What to do.
Take from the data every line in which the word "kept" is found.

Start of Recorded data

lemma cycle_reroute:
  assumes T: "T \<in> components H" and Y: "finite Y" "card (Y \<inter> T) < card (C \<inter> T)"
    and cyc: "is_cycle H vs es" "set vs \<subseteq> T" "set vs \<inter> Y = {}"
    and t: "t \<in> set vs" "t \<notin> C \<union> \<Union>kept"
  shows "\<exists>vs es. is_cycle H vs es \<and> set vs \<subseteq> C \<union> \<Union>kept - Y"
proof -
  have Yz: "card (Y \<inter> T) < z" using order[OF T] Y(2) by linarith
  define K0 where "K0 = component_of (del_verts H C) t"
  have "t \<in> verts H - C" using is_cycle_verts[OF cyc(1)] t by blast
  then have K0: "K0 \<in> trees" "t \<in> K0"
    unfolding K0_def trees_def del_verts_def
    by (simp_all add: component_of_in_components component_of_self)
  have "set vs \<inter> K0 \<noteq> {}" using K0(2) t(1) by blast
  moreover have "\<not> set vs \<subseteq> K0" using cycle_meets_C[OF cyc(1)] trees_subset[OF K0(1)] by blast
  ultimately obtain e1 e2 x1 y1 x2 y2 where e: "e1 \<in> set es" "e2 \<in> set es" "e1 \<noteq> e2"
    "endpts H e1 = {x1, y1}" "endpts H e2 = {x2, y2}" "x1 \<in> K0" "x2 \<in> K0" "y1 \<notin> K0" "y2 \<notin> K0"
    by (rule cycle_leaves_set[OF cyc(1)])
  have eH: "e1 \<in> edges H" "e2 \<in> edges H" using e(1,2) cyc(1) unfolding is_cycle_def by blast+
  have y: "y1 \<in> C" "y2 \<in> C"
    using tree_edge_leaving[OF K0(1) e(6) eH(1)] tree_edge_leaving[OF K0(1) e(7) eH(2)] e(4,5,8,9)
    by auto
  have "y1 \<in> set vs" "y2 \<in> set vs"
    using is_cycle_endpts[OF cyc(1) e(1)] is_cycle_endpts[OF cyc(1) e(2)] e(4,5) by auto
  then have y': "y1 \<in> T" "y1 \<notin> Y" "y2 \<notin> Y" using cyc(2,3) by blast+
  have "K0 \<notin> kept" using K0(2) t(2) by blast
  show ?thesis
  proof (cases "y1 = y2")
    case True
    then have "K0 \<in> double_trees y1" using K0(1) eH e unfolding double_trees_def by blast
    then show ?thesis by (rule double_tree_reroute[OF _ \<open>K0 \<notin> kept\<close> y(1) y'(1,2) T Y(1) Yz])
  next
    case False
    then have "K0 \<in> common_trees {y1, y2}" using K0(1) eH e unfolding common_trees_def by blast
    then show ?thesis
      by (rule common_trees_reroute[OF _ \<open>K0 \<notin> kept\<close> y False y'(1-3) T Y(1) Yz])
  qed
qed
lemma high_coeffs_vanish_if_orthogonal:
  assumes f_deg: "\<forall>m\<ge>n. coeff f m = 0"
    and f_orth: "\<And>r. r < k \<Longrightarrow> residue_sum n \<alpha> (monom 1 (gen_exp k r) * f) = 0"
  shows "\<forall>m\<ge>n - k + 2. coeff f m = 0"
proof -
  have "residue_sum n \<alpha> (monom 1 e * f) = 0" if "e < k - 2" for e
  proof -
    have "e \<le> k - 3" "e < k"
      using that by linarith+
    then show ?thesis
      using f_orth[of e] by (simp add: gen_exp_def)
  qed
  then have "\<forall>m\<ge>n - (0 + (k - 2)). coeff f m = 0"
    using f_deg by (intro coeffs_vanish_by_residue_sums) auto
  moreover have "n - (0 + (k - 2)) = n - k + 2"
    using k_ge k_le by simp
  ultimately show ?thesis by simp
qed
(* Let $n\ge 1$ and $A$ be as in the context. A position $P$ of $\mathrm{AGG}(n,A)$ is reachable if and only if the sequence $v_1\le v_2\le\dots\le v_n$ of its cell values, sorted in nondecreasing order with each empty cell counted as value $0$ (so $v_i=0$ exactly when $P$ has at least $i$ empty cells), satisfies $v_i\le \mathrm{Single}(i,A)$ for every $i=1,\dots,n$.
   Context: Let $A$ be a set of positive integers with $1\in A$ (the allowed tile values). For an integer $n\ge 0$, the abstract generalized 2048 game $\mathrm{AGG}(n,A)$ is played on $n$ indistinguishable cells. A position assigns to each cell either nothing (the cell is empty) or a tile carrying a value in $A$. The initial position has all cells empty. A step, which can be performed from any position having at least one empty cell, consists of: (i) placing a new tile of value $1$ into a chosen empty cell; then (ii) optionally choosing any collection of pairwise disjoint sets of nonempty cells such that the sum of the tile values in each chosen set belongs to $A$, and merging each chosen set into a single tile, whose value is that sum, placed in one cell of the set, the other cells of the set becoming empty. The game ends when, after a step, all cells are nonempty (no further step is then possible). A position is reachable if it can be obtained from the initial position by a finite sequence of steps. For $n\ge1$, $\mathrm{Single}(n,A)$ denotes the supremum (possibly $\infty$) of the values $x\in A$ such that the position of $\mathrm{AGG}(n,A)$ with one tile of value $x$ and $n-1$ empty cells is reachable. *)

theory Defs
  imports Main "HOL-Library.Extended_Nat"
begin

text \<open>Positions of AGG(n,A): cells are 0,...,n-1; a position is a function
  p :: nat => nat where p i = 0 means cell i is empty, p i = x > 0 means cell i
  carries a tile of value x; p i = 0 for i >= n.\<close>

definition is_position :: "nat \<Rightarrow> nat set \<Rightarrow> (nat \<Rightarrow> nat) \<Rightarrow> bool" where
  "is_position n A p \<longleftrightarrow> (\<forall>i. n \<le> i \<longrightarrow> p i = 0) \<and> (\<forall>i<n. p i = 0 \<or> p i \<in> A)"

definition merge_result :: "nat \<Rightarrow> nat set \<Rightarrow> (nat \<Rightarrow> nat) \<Rightarrow> (nat \<Rightarrow> nat) \<Rightarrow> bool" where
  "merge_result n A q q' \<longleftrightarrow>
     (\<exists>C t. (\<forall>S\<in>C. S \<subseteq> {i. i < n \<and> q i \<noteq> 0}) \<and>
            (\<forall>S\<in>C. \<forall>T\<in>C. S \<noteq> T \<longrightarrow> S \<inter> T = {}) \<and>
            (\<forall>S\<in>C. sum q S \<in> A) \<and>
            (\<forall>S\<in>C. t S \<in> S) \<and>
            (\<forall>S\<in>C. q' (t S) = sum q S \<and> (\<forall>j\<in>S - {t S}. q' j = 0)) \<and>
            (\<forall>j. j \<notin> \<Union>C \<longrightarrow> q' j = q j))"

definition game_step :: "nat \<Rightarrow> nat set \<Rightarrow> (nat \<Rightarrow> nat) \<Rightarrow> (nat \<Rightarrow> nat) \<Rightarrow> bool" where
  "game_step n A p p' \<longleftrightarrow>
     (\<exists>c<n. p c = 0 \<and> merge_result n A (p(c := 1)) p')"
(* Let $r\ge 4$ and let $w:E(K_r)\to\mathbb{R}_{>0}$ be a positive edge-weighting of the complete graph $K_r$ on vertex set $U$. For each edge $e$ let $C_w(e)$ be the maximum of $w(C)=\sum_{f\in E(C)}w(f)$ over all cycles $C$ of $K_r$ containing $e$. Then $$\sum_{e\in E(K_r)}\frac{w(e)}{C_w(e)}=\frac{r-1}{2}$$ holds if and only if $w$ is vertex-induced, i.e. there exists $a:U\to\mathbb{R}_{\ge 0}$ with $w(uv)=\frac{a(u)+a(v)}{2}$ for all edges $uv$. In this case, $C_w(e)=\sum_{v\in U}a(v)$ for all $e\in E(K_r)$. *)

theory Defs
  imports Complex_Main
begin

definition K_edges :: "'a set \<Rightarrow> 'a set set" where
  "K_edges U = {e. e \<subseteq> U \<and> card e = 2}"

definition is_cycle_list :: "'a set \<Rightarrow> 'a list \<Rightarrow> bool" where
  "is_cycle_list U vs \<longleftrightarrow> distinct vs \<and> 3 \<le> length vs \<and> set vs \<subseteq> U"

definition cycle_edges :: "'a list \<Rightarrow> 'a set set" where
  "cycle_edges vs = {{vs ! i, vs ! ((i + 1) mod length vs)} | i. i < length vs}"

definition Cw :: "'a set \<Rightarrow> ('a set \<Rightarrow> real) \<Rightarrow> 'a set \<Rightarrow> real" where
  "Cw U w e = Max {sum w (cycle_edges vs) | vs. is_cycle_list U vs \<and> e \<in> cycle_edges vs}"

definition vertex_induced_by :: "'a set \<Rightarrow> ('a set \<Rightarrow> real) \<Rightarrow> ('a \<Rightarrow> real) \<Rightarrow> bool" where
  "vertex_induced_by U w a \<longleftrightarrow> (\<forall>v\<in>U. 0 \<le> a v) \<and>
     (\<forall>u\<in>U. \<forall>v\<in>U. u \<noteq> v \<longrightarrow> w {u, v} = (a u + a v) / 2)"

end

theory Submission
  imports Defs "HOL-Combinatorics.Multiset_Permutations"
begin

text \<open>
  Every ordering H of U is a Hamiltonian cycle, and since Cw e >= w(H) for each edge e of H,
  the sum of w e / Cw e over the edges of H is at most the sum of w e / w(H), which is 1.
  Averaging over all r! orderings, in which every edge occurs as a pair of cyclically consecutive
  vertices equally often (2 r (r-2)! times), gives that the sum of w e / Cw e over all edges
  is at most (r-1)/2, with equality iff every Hamiltonian cycle is a heaviest cycle through each
  of its edges. Then any two Hamiltonian cycles sharing an edge have equal weight; comparing two
  that differ by a 2-opt move yields the four-point condition w(ux) + w(vy) = w(uv) + w(xy), which
  forces w(uv) = (a(u) + a(v))/2 with a(u) = w(up) + w(uq) - w(pq). Comparing a Hamiltonian cycle
  with a cycle that avoids u but shares an edge with it shows a(u) >= 0. Conversely, if w is
  vertex-induced, every cycle weighs the sum of a over its vertices, so the Hamiltonian cycles
  are the heaviest ones, of weight the sum of a over U.
\<close>

definition cycle_edge :: "'a list \<Rightarrow> nat \<Rightarrow> 'a set" where
  "cycle_edge vs i = {vs ! i, vs ! ((i + 1) mod length vs)}"

lemma cycle_edges_conv_image: "cycle_edges vs = cycle_edge vs ` {..<length vs}"
  unfolding cycle_edges_def cycle_edge_def by auto

lemma add_one_mod_less: "i < n \<Longrightarrow> (i + 1) mod n < (n::nat)"
  by (intro mod_less_divisor) linarith

lemma nth_neq_nth_add_one_mod:
  assumes "distinct vs" "2 \<le> length vs" "i < length vs"
  shows "vs ! i \<noteq> vs ! ((i + 1) mod length vs)"
proof
  assume "vs ! i = vs ! ((i + 1) mod length vs)"
  moreover have "(i + 1) mod length vs < length vs"
    using assms(3) by (rule add_one_mod_less)
  ultimately have "i = (i + 1) mod length vs"
    using assms nth_eq_iff_index_eq by blast
  then show False
    using assms by (auto simp: mod_Suc split: if_splits)
qed

lemma inj_on_cycle_edge:
  assumes "distinct vs" "3 \<le> length vs"
  shows "inj_on (cycle_edge vs) {..<length vs}"
proof
  fix i j
  assume i: "i \<in> {..<length vs}" and j: "j \<in> {..<length vs}"
    and eq: "cycle_edge vs i = cycle_edge vs j"
  define n where "n = length vs"
  have idx: "k = l" if "vs ! k = vs ! l" "k < n" "l < n" for k l
    using that assms(1) by (simp add: nth_eq_iff_index_eq n_def)
  from eq consider "vs ! i = vs ! j"
    | "vs ! i = vs ! ((j + 1) mod n)" "vs ! ((i + 1) mod n) = vs ! j"
    unfolding cycle_edge_def n_def by (auto simp: doubleton_eq_iff)
  then show "i = j"
  proof cases
    case 1
    then show ?thesis using idx i j by (simp add: n_def)
  next
    case 2
    then have "i = (j + 1) mod n" "j = (i + 1) mod n"
      using idx i j add_one_mod_less[of _ n] by (auto simp: n_def)
    then have "i = (i + 2) mod n"
      by (simp add: mod_Suc_eq)
    moreover have "i < n" "3 \<le> n"
      using i assms(2) by (auto simp: n_def)
    ultimately show ?thesis
      by (cases "i + 2 < n") (auto simp: le_mod_geq)
  qed
qed

lemma sum_cycle_edges:
  assumes "distinct vs" "3 \<le> length vs"
  shows "sum f (cycle_edges vs) = (\<Sum>i<length vs. f (cycle_edge vs i))"
  unfolding cycle_edges_conv_image by (rule sum.reindex[OF inj_on_cycle_edge[OF assms], unfolded comp_def])

lemma sum_cycle_edges_conv_sum_list:
  assumes "distinct vs" "3 \<le> length vs"
  shows "sum f (cycle_edges vs) = (\<Sum>(x, y)\<leftarrow>zip vs (rotate1 vs). f {x, y})"
  by (simp add: sum_cycle_edges[OF assms] sum_list_sum_nth atLeast0LessThan nth_rotate1 cycle_edge_def)

lemma sum_nth_eq_sum_set:
  assumes "distinct vs"
  shows "(\<Sum>i<length vs. f (vs ! i)) = sum f (set vs)"
  using assms by (simp add: sum.distinct_set_conv_list sum_list_sum_nth atLeast0LessThan)

lemma finite_K_edges: "finite U \<Longrightarrow> finite (K_edges U)"
  unfolding K_edges_def by (rule finite_subset[of _ "Pow U"]) auto

lemma cycle_edges_subset_K_edges:
  assumes "is_cycle_list U vs"
  shows "cycle_edges vs \<subseteq> K_edges U"
proof -
  have "vs ! i \<in> U" "vs ! ((i + 1) mod length vs) \<in> U" if "i < length vs" for i
  proof -
    have "(i + 1) mod length vs < length vs"
      using that by (rule add_one_mod_less)
    then show "vs ! i \<in> U" "vs ! ((i + 1) mod length vs) \<in> U"
      using assms that nth_mem by (auto simp: is_cycle_list_def)
  qed
  then show ?thesis
    using assms nth_neq_nth_add_one_mod[of vs]
    by (auto simp: cycle_edges_conv_image cycle_edge_def K_edges_def is_cycle_list_def)
qed

lemma sum_cycle_edges_pos:
  fixes w :: "'a set \<Rightarrow> real"
  assumes "finite U" "\<forall>e\<in>K_edges U. 0 < w e" "is_cycle_list U vs"
  shows "0 < sum w (cycle_edges vs)"
proof (rule sum_pos)
  show "finite (cycle_edges vs)"
    using cycle_edges_subset_K_edges[OF assms(3)] finite_K_edges[OF assms(1)] by (rule finite_subset)
  show "cycle_edges vs \<noteq> {}"
    using assms(3) by (auto simp: cycle_edges_conv_image is_cycle_list_def lessThan_empty_iff)
qed (use assms cycle_edges_subset_K_edges in blast)

lemma last_hd_in_cycle_edges:
  assumes "vs \<noteq> []"
  shows "{last vs, hd vs} \<in> cycle_edges vs"
  unfolding cycle_edges_def using assms
  by (intro CollectI exI[of _ "length vs - 1"]) (simp add: last_conv_nth hd_conv_nth)

lemma Cons_Cons_in_cycle_edges: "{x, y} \<in> cycle_edges (x # y # vs)"
  unfolding cycle_edges_def by (intro CollectI exI[of _ 0]) simp

lemma finite_cycle_lists:
  assumes "finite U"
  shows "finite {vs. is_cycle_list U vs}"
proof (rule finite_subset[OF _ finite_lists_length_le[OF assms, of "card U"]])
  show "{vs. is_cycle_list U vs} \<subseteq> {vs. set vs \<subseteq> U \<and> length vs \<le> card U}"
    using assms by (auto simp: is_cycle_list_def distinct_card[symmetric] intro: card_mono)
qed

lemma finite_cycle_weights_through:
  assumes "finite U"
  shows "finite {sum w (cycle_edges vs) | vs. is_cycle_list U vs \<and> e \<in> cycle_edges vs}"
proof (rule finite_subset)
  show "finite ((\<lambda>vs. sum w (cycle_edges vs)) ` {vs. is_cycle_list U vs})"
    using finite_cycle_lists[OF assms] by (rule finite_imageI)
qed auto

lemma cycle_weight_le_Cw:
  assumes "finite U" "is_cycle_list U vs" "e \<in> cycle_edges vs"
  shows "sum w (cycle_edges vs) \<le> Cw U w e"
  unfolding Cw_def using assms by (intro Max_ge[OF finite_cycle_weights_through]) auto

lemma Cw_eqI:
  assumes "finite U" "is_cycle_list U vs" "e \<in> cycle_edges vs" "sum w (cycle_edges vs) = M"
    and "\<And>vs. is_cycle_list U vs \<Longrightarrow> e \<in> cycle_edges vs \<Longrightarrow> sum w (cycle_edges vs) \<le> M"
  shows "Cw U w e = M"
  unfolding Cw_def
proof (rule Max_eqI[OF finite_cycle_weights_through[OF assms(1)]])
  fix y
  assume "y \<in> {sum w (cycle_edges vs) | vs. is_cycle_list U vs \<and> e \<in> cycle_edges vs}"
  then show "y \<le> M"
    using assms(5) by auto
next
  show "M \<in> {sum w (cycle_edges vs) | vs. is_cycle_list U vs \<and> e \<in> cycle_edges vs}"
    using assms(2-4) by auto
qed

lemma permutations_of_set_is_cycle_list:
  assumes "finite U" "3 \<le> card U" "vs \<in> permutations_of_set U"
  shows "is_cycle_list U vs"
  using assms by (auto simp: is_cycle_list_def permutations_of_set_def distinct_card)

lemma hamiltonian_cycle_through_edge:
  assumes "finite U" "e \<in> K_edges U"
  obtains vs where "vs \<in> permutations_of_set U" "e \<in> cycle_edges vs"
proof -
  obtain x y where e: "e = {x, y}" "x \<noteq> y" "x \<in> U" "y \<in> U"
    using assms(2) unfolding K_edges_def card_2_iff by auto
  obtain vs where "vs \<in> permutations_of_set (U - {x, y})"
    using assms(1) permutations_of_set_empty_iff[of "U - {x, y}"] by blast
  then have "x # y # vs \<in> permutations_of_set U"
    using e by (auto simp: permutations_of_set_def)
  then show ?thesis
    using that Cons_Cons_in_cycle_edges[of x y vs] unfolding e(1) by blast
qed

lemma sum_eq_sum_iff_of_le:
  fixes f g :: "'i \<Rightarrow> 'a::ordered_cancel_comm_monoid_add"
  assumes "finite A" "\<And>x. x \<in> A \<Longrightarrow> f x \<le> g x"
  shows "sum f A = sum g A \<longleftrightarrow> (\<forall>x\<in>A. f x = g x)"
  using sum_mono_inv[of f A g] assms by (auto intro: sum.cong)
lemma D_ind_times_f:
  "of_int (D_ind R p r e \<beta> a) * of_nat f =
    (\<Sum>u\<in>cyclotomic_class a. if \<one> \<oplus> u = \<zero> then of_nat f else 0 :: complex)"
proof -
  have "\<one> \<oplus> u = \<zero> \<longleftrightarrow> u = \<ominus> \<one>" if "u \<in> carrier R" for u
    using that by (metis a_comm minus_equality one_closed r_neg)
  then have "(\<Sum>u\<in>cyclotomic_class a. if \<one> \<oplus> u = \<zero> then of_nat f else 0 :: complex) =
      (\<Sum>u\<in>cyclotomic_class a. if u = \<ominus> \<one> then of_nat f else 0)"
    by (intro sum.cong) (auto simp: cyclotomic_class_def)
  then show ?thesis
    by (simp add: D_ind_eq finite_cyclotomic_class)
qed

lemma mult_matrix_mod: "mult_matrix R p r e \<beta> (x mod int e) (y mod int e) = mult_matrix R p r e \<beta> x y"
  by (simp add: mult_matrix_def cyc_def D_ind_def)

theorem has_mult_matrix_gauss_periods: "has_mult_matrix e \<eta> (mult_matrix R p r e \<beta>)"
  unfolding has_mult_matrix_def
proof (intro allI)
  fix i j
  let ?A = "cyclotomic_class (j - i)"
  have "(\<Sum>k\<in>{0..<int e}. of_int (mult_matrix R p r e \<beta> (j - i) (k - i)) * \<eta> k) =
      (\<Sum>k\<in>{0..<int e}. of_nat (cyc R p r e \<beta> (j - i) (k - i)) * \<eta> k)
      - of_int (D_ind R p r e \<beta> (j - i)) * of_nat f * (\<Sum>k\<in>{0..<int e}. \<eta> k)"
    by (simp add: mult_matrix_def f_def N_def sum_subtractf sum_distrib_left algebra_simps)
  also have "\<dots> = (\<Sum>u\<in>?A. if \<one> \<oplus> u = \<zero> then 0 else \<eta> (int (dlog (\<one> \<oplus> u)) + i))
      + (\<Sum>u\<in>?A. if \<one> \<oplus> u = \<zero> then of_nat f else 0)"
    by (simp add: sum_cyc_gauss_periods sum_gauss_periods D_ind_times_f)
  also have "\<dots> = \<eta> i * \<eta> j"
    by (simp add: gauss_period_product sum.distrib[symmetric] if_distrib cong: if_cong)
  finally show "\<eta> i * \<eta> j = (\<Sum>k\<in>{0..<int e}. of_int (mult_matrix R p r e \<beta> (j - i) (k - i)) * \<eta> k)"
    by simp
qed

end

lemma dvd_diff_1_if_mod_eq_1:
  fixes n e :: nat
  assumes "n mod e = 1"
  shows "e dvd n - 1"
proof -
  have "n = n div e * e + 1"
    using div_mult_mod_eq[of n e] assms by simp
  then show ?thesis
    by (metis add_diff_cancel_right' dvd_triv_right)
qed

lemma cyclotomic_classesI:
  assumes "field R" "finite (carrier R)" "Factorial_Ring.prime p" "card (carrier R) = p ^ r"
    and "2 \<le> e" "p ^ r mod e = 1" "is_generator R \<beta>"
  shows "cyclotomic_classes R p r e \<beta>"
  using assms dvd_diff_1_if_mod_eq_1[of "p ^ r" e]
  by (simp add: cyclotomic_classes_def cyclotomic_classes_axioms_def finite_field_def
      finite_field_axioms_def)

theorem mainTheorem8:
  fixes R :: "('a,'b) ring_scheme" and R' :: "('c,'d) ring_scheme"
    and e p r q s :: nat and \<beta> :: 'a and \<beta>' :: 'c and d i j :: int
  assumes "e \<ge> 2"
    and "field R" "finite (carrier R)" "Factorial_Ring.prime p" "r \<ge> 1" "card (carrier R) = p ^ r"
    and "p ^ r mod e = 1" "is_generator R \<beta>"
    and "field R'" "finite (carrier R')" "Factorial_Ring.prime q" "s \<ge> 1" "card (carrier R') = q ^ s"
    and "q ^ s mod e = 1" "is_generator R' \<beta>'"
    and "\<not> int e dvd d"
  shows "dconv e d (gauss_period R p r e \<beta>) (gauss_period R' q s e \<beta>') i *
         dconv e d (gauss_period R p r e \<beta>) (gauss_period R' q s e \<beta>') j =
         (\<Sum>k \<in> {0..<int e}.
            of_int (dconv_mat e d (mult_matrix R p r e \<beta>) (mult_matrix R' q s e \<beta>') (j - i) (k - i)) *
            dconv e d (gauss_period R p r e \<beta>) (gauss_period R' q s e \<beta>') k)"
proof -
  interpret F: cyclotomic_classes R p r e \<beta>
    using assms by (intro cyclotomic_classesI)
  interpret F': cyclotomic_classes R' q s e \<beta>'
    using assms by (intro cyclotomic_classesI)
  have "has_mult_matrix e (dconv e d F.\<eta> F'.\<eta>)
      (dconv_mat e d (mult_matrix R p r e \<beta>) (mult_matrix R' q s e \<beta>'))"
    using F.gauss_period_mod F'.gauss_period_mod F.mult_matrix_mod F'.mult_matrix_mod
    by (intro has_mult_matrix_dconv F.has_mult_matrix_gauss_periods F'.has_mult_matrix_gauss_periods)
  then show ?thesis
    by (simp add: has_mult_matrix_def)
qed

end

End of Recorded data

Expected output.
    and t: "t \<in> set vs" "t \<notin> C \<union> \<Union>kept"
  shows "\<exists>vs es. is_cycle H vs es \<and> set vs \<subseteq> C \<union> \<Union>kept - Y"
  have "K0 \<notin> kept" using K0(2) t(2) by blast
    then show ?thesis by (rule double_tree_reroute[OF _ \<open>K0 \<notin> kept\<close> y(1) y'(1,2) T Y(1) Yz])
      by (rule common_trees_reroute[OF _ \<open>K0 \<notin> kept\<close> y False y'(1-3) T Y(1) Yz])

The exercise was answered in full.